October 23rd, 2011 Posted by david brothers

The Damon Albarn Appreciation Society is an ongoing series of observations, conversations, and thoughts about music. This is the eleventh, and has been converted from a quick email to a friend into a post that is considerably longer. I listen to a lot of music, and this is just a snapshot of where I’m at right now.

Minutes from previous meetings of the Society: The Beatles – “Eleanor Rigby”, Tupac – Makaveli, Blur – 13 (with Graeme McMillan), Blur – Think Tank (with Graeme McMillan), Black Thought x Rakim: “Hip-Hop, you the love of my life”, Wu-Tang Clan – Enter The Wu-Tang (36 Chambers), On why I buy vinyl sometimes, on songs about places, Mellowhype’s Blackendwhite, a general post on punk


Graeme McMillan, bka “One Of My Favorite People On Or Off The Internet,” sent me a link to “Allez” from French artist Camille’s latest CD, Ilo Veyou. I was talking about how much I liked Charlotte Gainsbourg’s Terrible Angels EP, particularly this song:

I’ve liked Gainsbourg since someone (Sean Witzke, probably) introduced me to IRM last year. I think he recommended it after I heard and enjoyed the Scott Pilgrim soundtrack? I dunno, it’s irrelevant I guess. “I like her, here are some boring words on how I found her.”

What I like about “Terrible Angels” is that it evokes a very specific mental image for me. The throbbing sound of the melody (is that the word? the electronic throb and buzz) and the snap of the snare play off each other, and it all ends up sounding like a dance single that’s just slightly out of pitch.

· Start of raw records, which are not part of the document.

(* Let $s\ge1$ and $B\in\mathbb{F}_2^{s\times s}$, and define \[ H_X(B)=[\,B\otimes I_s \mid I_s\otimes B^{\mathsf T}\,],\qquad H_Z(B)=[\,I_s\otimes B \mid B^{\mathsf T}\otimes I_s\,]. \] If the Tanner graph of $B$ has no 4-cycles and no simple 6-cycles, then the Tanner graphs of $H_X(B)$ and of $H_Z(B)$ also have no 4-cycles and no simple 6-cycles.
   Context: $\otimes$ denotes the Kronecker product and $I_s$ the $s\times s$ identity over $\mathbb{F}_2$. The Tanner graph of a binary matrix $H$ is the bipartite graph whose vertices are the rows (check nodes) and columns (variable nodes) of $H$, with row $r$ adjacent to column $c$ iff $H_{rc}=1$. A simple $2\ell$-cycle is a cycle in this graph of length $2\ell$ with all vertices distinct. *)

theory Defs
  imports Main
begin

text \<open>Binary matrices over F_2 are represented as functions nat => nat => bool
  (True = 1, False = 0), with the dimensions carried separately; only entries
  with row index < m and column index < n are meaningful.\<close>

type_synonym bmat = "nat \<Rightarrow> nat \<Rightarrow> bool"

definition bid :: bmat where
  "bid = (\<lambda>i j. i = j)"

definition btrans :: "bmat \<Rightarrow> bmat" where
  "btrans A = (\<lambda>i j. A j i)"

text \<open>Kronecker product A \<otimes> C, where C has size s x s (block size s).
  Over F_2 the product of entries is conjunction.\<close>
definition bkron :: "nat \<Rightarrow> bmat \<Rightarrow> bmat \<Rightarrow> bmat" where
  "bkron s A C = (\<lambda>i j. A (i div s) (j div s) \<and> C (i mod s) (j mod s))"

definition bhcat :: "nat \<Rightarrow> bmat \<Rightarrow> bmat \<Rightarrow> bmat" where
  "bhcat n A C = (\<lambda>i j. if j < n then A i j else C i (j - n))"

definition HX :: "nat \<Rightarrow> bmat \<Rightarrow> bmat" where
  "HX s B = bhcat (s * s) (bkron s B bid) (bkron s bid (btrans B))"

definition HZ :: "nat \<Rightarrow> bmat \<Rightarrow> bmat" where
  "HZ s B = bhcat (s * s) (bkron s bid B) (bkron s (btrans B) bid)"

text \<open>The Tanner graph of the m x n matrix H has a simple 2l-cycle:
  distinct check nodes r 0..r (l-1) and distinct variable nodes c 0..c (l-1)
  with edges r i -- c i and r i -- c ((i+1) mod l), i.e. the closed walk
  r 0, c 1, r 1, c 2, ..., r (l-1), c 0, r 0 with all vertices distinct.\<close>
definition tanner_cycle :: "bmat \<Rightarrow> nat \<Rightarrow> nat \<Rightarrow> nat \<Rightarrow> bool" where
  "tanner_cycle H m n l \<longleftrightarrow>
     (\<exists>r c :: nat \<Rightarrow> nat.
        (\<forall>i<l. r i < m \<and> c i < n) \<and>
        inj_on r {..<l} \<and> inj_on c {..<l} \<and>
        (\<forall>i<l. H (r i) (c i) \<and> H (r i) (c ((i + 1) mod l))))"

end

theory Submission
  imports Defs "HOL-Number_Theory.Cong"
begin

text \<open>
  Both H_X(B) and H_Z(B) are, after relabelling rows and columns, of the form [A \<otimes> I | I \<otimes> C]
  with A = B and C = B^T: checks are pairs (a, b), and a column of the first (second) block
  only joins checks that differ in a (in b). Going once around a cycle, whose checks are
  distinct, a block used by exactly one column would change one coordinate at a single step
  while every other step keeps it fixed, which is impossible. So each block is used by no
  column or by at least two, and a cycle of length less than 8 stays inside one block. There it
  projects to a cycle of the same length in the Tanner graph of A or of C; finally, B^T has
  the same short cycles as B.
\<close>

definition is_tanner_cycle :: "bmat \<Rightarrow> nat \<Rightarrow> nat \<Rightarrow> nat \<Rightarrow> (nat \<Rightarrow> nat) \<Rightarrow> (nat \<Rightarrow> nat) \<Rightarrow> bool" where
  "is_tanner_cycle H m n l r c \<longleftrightarrow>
     (\<forall>i<l. r i < m \<and> c i < n) \<and> inj_on r {..<l} \<and> inj_on c {..<l} \<and>
     (\<forall>i<l. H (r i) (c i) \<and> H (r i) (c (Suc i mod l)))"

lemma tanner_cycle_iff: "tanner_cycle H m n l \<longleftrightarrow> (\<exists>r c. is_tanner_cycle H m n l r c)"
  by (simp add: tanner_cycle_def is_tanner_cycle_def)

lemma is_tanner_cycleD:
  assumes "is_tanner_cycle H m n l r c" "i < l"
  shows "r i < m" "c i < n" "H (r i) (c i)" "H (r i) (c (Suc i mod l))"
  using assms by (auto simp: is_tanner_cycle_def)

lemma inj_on_rotate: "inj_on (\<lambda>i. (i + t) mod l) {..<l :: nat}"
proof (rule inj_onI)
  fix i j assume "i \<in> {..<l}" "j \<in> {..<l}" and shifted: "(i + t) mod l = (j + t) mod l"
  have "[i = j] (mod l)"
    using shifted cong_add_rcancel_nat[of i t j l] by (simp add: cong_def)
  with \<open>i \<in> {..<l}\<close> \<open>j \<in> {..<l}\<close> show "i = j"
    by (simp add: cong_less_modulus_unique_nat)
qed

lemma inj_on_comp_rotate:
  fixes f :: "nat \<Rightarrow> 'a"
  assumes "inj_on f {..<l}"
  shows "inj_on (\<lambda>i. f ((i + t) mod l)) {..<l}"
proof -
  have "(\<lambda>i. (i + t) mod l) ` {..<l} \<subseteq> {..<l}" by auto
  then show ?thesis
    using comp_inj_on[OF inj_on_rotate inj_on_subset[OF assms]] by (simp add: comp_def)
qed

lemma is_tanner_cycle_rotate:
  assumes "is_tanner_cycle H m n l r c"
  shows "is_tanner_cycle H m n l (\<lambda>i. r ((i + t) mod l)) (\<lambda>i. c ((i + t) mod l))"
proof -
  have "(Suc i mod l + t) mod l = Suc ((i + t) mod l) mod l" for i
    by (simp add: mod_Suc_eq mod_add_left_eq)
  moreover have "(i + t) mod l < l" if "i < l" for i
    using that by simp
  ultimately show ?thesis
    using assms inj_on_comp_rotate[of r l t] inj_on_comp_rotate[of c l t]
    by (simp add: is_tanner_cycle_def)
qed

lemma is_tanner_cycle_btrans:
  assumes "is_tanner_cycle (btrans H) n m l r c"
  shows "is_tanner_cycle H m n l (\<lambda>i. c (Suc i mod l)) r"
proof -
  have "Suc i mod l < l" if "i < l" for i using that by simp
  moreover have "inj_on (\<lambda>i. c ((i + 1) mod l)) {..<l}"
    using assms inj_on_comp_rotate unfolding is_tanner_cycle_def by blast
  ultimately show ?thesis
    using assms by (auto simp: is_tanner_cycle_def btrans_def)
qed

lemma tanner_cycle_btrans: "tanner_cycle (btrans H) n m l \<Longrightarrow> tanner_cycle H m n l"
  using is_tanner_cycle_btrans tanner_cycle_iff by metis

lemma eq_along_chain:
  assumes "\<And>i. Suc i < l \<Longrightarrow> f i = f (Suc i)" "i < l"
  shows "f i = f 0"
  using assms(2) by (induction i) (auto simp: assms(1))

text \<open>
  The matrix [A \<otimes> I | I \<otimes> C] in coordinates: row r is the pair (p r, q r), column c is the
  pair (P c, Q c) in the block selected by left c.
\<close>
locale hypergraph_product =
  fixes H :: bmat and m n :: nat and A C :: bmat and k :: nat
    and p q :: "nat \<Rightarrow> nat" and left :: "nat \<Rightarrow> bool" and P Q :: "nat \<Rightarrow> nat"
  assumes inj_row_coords: "inj_on (\<lambda>r. (p r, q r)) {..<m}"
    and inj_col_coords: "inj_on (\<lambda>c. (left c, P c, Q c)) {..<n}"
    and row_coords_less: "r < m \<Longrightarrow> p r < k \<and> q r < k"
    and col_coords_less: "c < n \<Longrightarrow> P c < k \<and> Q c < k"
    and entry: "r < m \<Longrightarrow> c < n \<Longrightarrow>
      H r c = (if left c then A (p r) (P c) \<and> q r = Q c else p r = P c \<and> C (q r) (Q c))"
begin

lemma swap_blocks: "hypergraph_product H m n C A k q p (\<lambda>c. \<not> left c) Q P"
proof
  show "inj_on (\<lambda>r. (q r, p r)) {..<m}"
    using inj_row_coords by (auto simp: inj_on_def)
  show "inj_on (\<lambda>c. (\<not> left c, Q c, P c)) {..<n}"
    using inj_col_coords by (auto simp: inj_on_def)
qed (auto simp: row_coords_less col_coords_less entry)

lemma cycle_column_kind_repeats_at_0:
  assumes cyc: "is_tanner_cycle H m n l r c" and "2 \<le> l"
  shows "\<exists>i. 0 < i \<and> i < l \<and> left (c i) = left (c 0)"
proof (rule ccontr)
  assume "\<not> ?thesis"
  then have other_kind: "left (c (Suc i)) \<longleftrightarrow> \<not> left (c 0)" if "Suc i < l" for i
    using that by blast
  define fixed_by_rest where "fixed_by_rest = (if left (c 0) then p else q)"
  define fixed_by_c0 where "fixed_by_c0 = (if left (c 0) then q else p)"
  note less = is_tanner_cycleD(1,2)[OF cyc]
  have last: "l - 1 < l" "Suc (l - 1) mod l = 0" and first: "0 < l"
    using \<open>2 \<le> l\<close> by auto
  have adjacent: "H (r i) (c (Suc i)) \<and> H (r (Suc i)) (c (Suc i))" if "Suc i < l" for i
    using is_tanner_cycleD(3,4)[OF cyc, of i] is_tanner_cycleD(3)[OF cyc, of "Suc i"] that by simp
  have "fixed_by_rest (r i) = fixed_by_rest (r (Suc i))" if "Suc i < l" for i
    using adjacent[OF that] other_kind[OF that] less[of i] less[of "Suc i"] that
    by (auto simp: entry fixed_by_rest_def split: if_splits)
  then have rest_eq: "fixed_by_rest (r (l - 1)) = fixed_by_rest (r 0)"
    using last(1) by (rule eq_along_chain)
  have "fixed_by_c0 (r (l - 1)) = fixed_by_c0 (r 0)"
    using is_tanner_cycleD(4)[OF cyc last(1)] is_tanner_cycleD(3)[OF cyc first]
      less[OF first] less[OF last(1)] unfolding last(2)
    by (auto simp: entry fixed_by_c0_def split: if_splits)
  with rest_eq have "(p (r (l - 1)), q (r (l - 1))) = (p (r 0), q (r 0))"
    by (cases "left (c 0)") (simp_all add: fixed_by_rest_def fixed_by_c0_def)
  then have "r (l - 1) = r 0"
    by (rule inj_onD[OF inj_row_coords]) (use less(1)[OF first] less(1)[OF last(1)] in auto)
  then have "l - 1 = 0"
    using cyc last(1) first by (auto simp: is_tanner_cycle_def dest: inj_onD)
  with \<open>2 \<le> l\<close> show False by simp
qed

The lyrics run counter to the snare, too–“I want release from absolution” is delivered as something between a moan and exhortation. “Terrible Angels” sounds like this:

It sounds like the soundtrack to the dance party at the end of the world, as conceived by Grant Morrison and Frank Quitely.

I really like pretty much any song that has an “Oh-I” or “Oh-why” or “Oh-anything” part, really, like TLC’s “Creep” or Blur’s “Tender”. “Oh my baby… oh my bayabeh… oh why… oh my…”

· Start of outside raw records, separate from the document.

theorem mainTheorem13:
  shows
  "(\<forall>(g :: 'n::finite \<Rightarrow> 'n \<Rightarrow> 'n \<Rightarrow> real) gh gt Uh Ut.
      is_lie_algebra g \<and> is_lie_algebra gh \<and> is_lie_algebra gt \<and>
      contracts g Uh gh \<and> poly_matrix_fun Uh \<and>
      contracts gh Ut gt \<and> poly_matrix_fun Ut \<longrightarrow>
      (\<exists>U. contracts g U gt \<and> poly_matrix_fun U)) \<and>
   (\<forall>(g :: 'n \<Rightarrow> 'n \<Rightarrow> 'n \<Rightarrow> complex) gh gt Uh Ut.
      is_lie_algebra g \<and> is_lie_algebra gh \<and> is_lie_algebra gt \<and>
      contracts g Uh gh \<and> poly_matrix_fun Uh \<and>
      contracts gh Ut gt \<and> poly_matrix_fun Ut \<longrightarrow>
      (\<exists>U. contracts g U gt \<and> poly_matrix_fun U))"
  by (blast intro: contracts_trans_poly_matrix_fun)

end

I like “Allez” a lot, too, and it’s pretty easy to like, isn’t it? I’ve been really fond of rounds (typoed that as “found of rounds” at first, hey hey hey) since I was a kid, and I like how this one builds in on itself. It’s weird, too–she’s putting on a voice, right? She sounds younger, but also more growly than she usually does. Maybe it’s the backmasking that shows up later in the song. It definitely makes me want to check out her full-length record Ilo Veyou, which drops physically on Tuesday and hopefully digitally, too. But probably not? Amazon has them listed as Imports, which is a new one by me.

I liked Camille’s Le Fil and Le Sac Des Filles, but I’m not sure which I like more. Maybe Le Sac, because the first two tracks (“1, 2, 3” and “Paris”) are really strong. I’ll have to listen to both again to figure it out for sure, but Camille was a really good recommendation on Graeme’s part.

I like her voice a lot, though it’s a little tough to put my finger on why. She has that throaty lounge singer sound, a little bit, and the fact that it’s in French gives it a whole nother level of appeal, like a classy diva sort of thing.

Have you heard Soko? Another French singer:

I first heard Soko on a remix of this song that Cee-Lo did for a mixtape. I like her voice more than the music, I’m pretty sure. Cee-Lo’s version is sort of in the same vein as “Fuck You,” but I like it a lot more, actually. It’s more fun to sing and listen to. “Fuck You” has that edgy feeling or whatever, but this feels a lot more solid, despite being a hodge-podge. In fact, his Stray Bullets mixtape? Better than the album Fuck You was on. Whatever it was called.

I also love dueling love songs like that, too, with both the boy and the girl on the same track. It changes the tone without breaking the tone, if that makes sense. It adds texture.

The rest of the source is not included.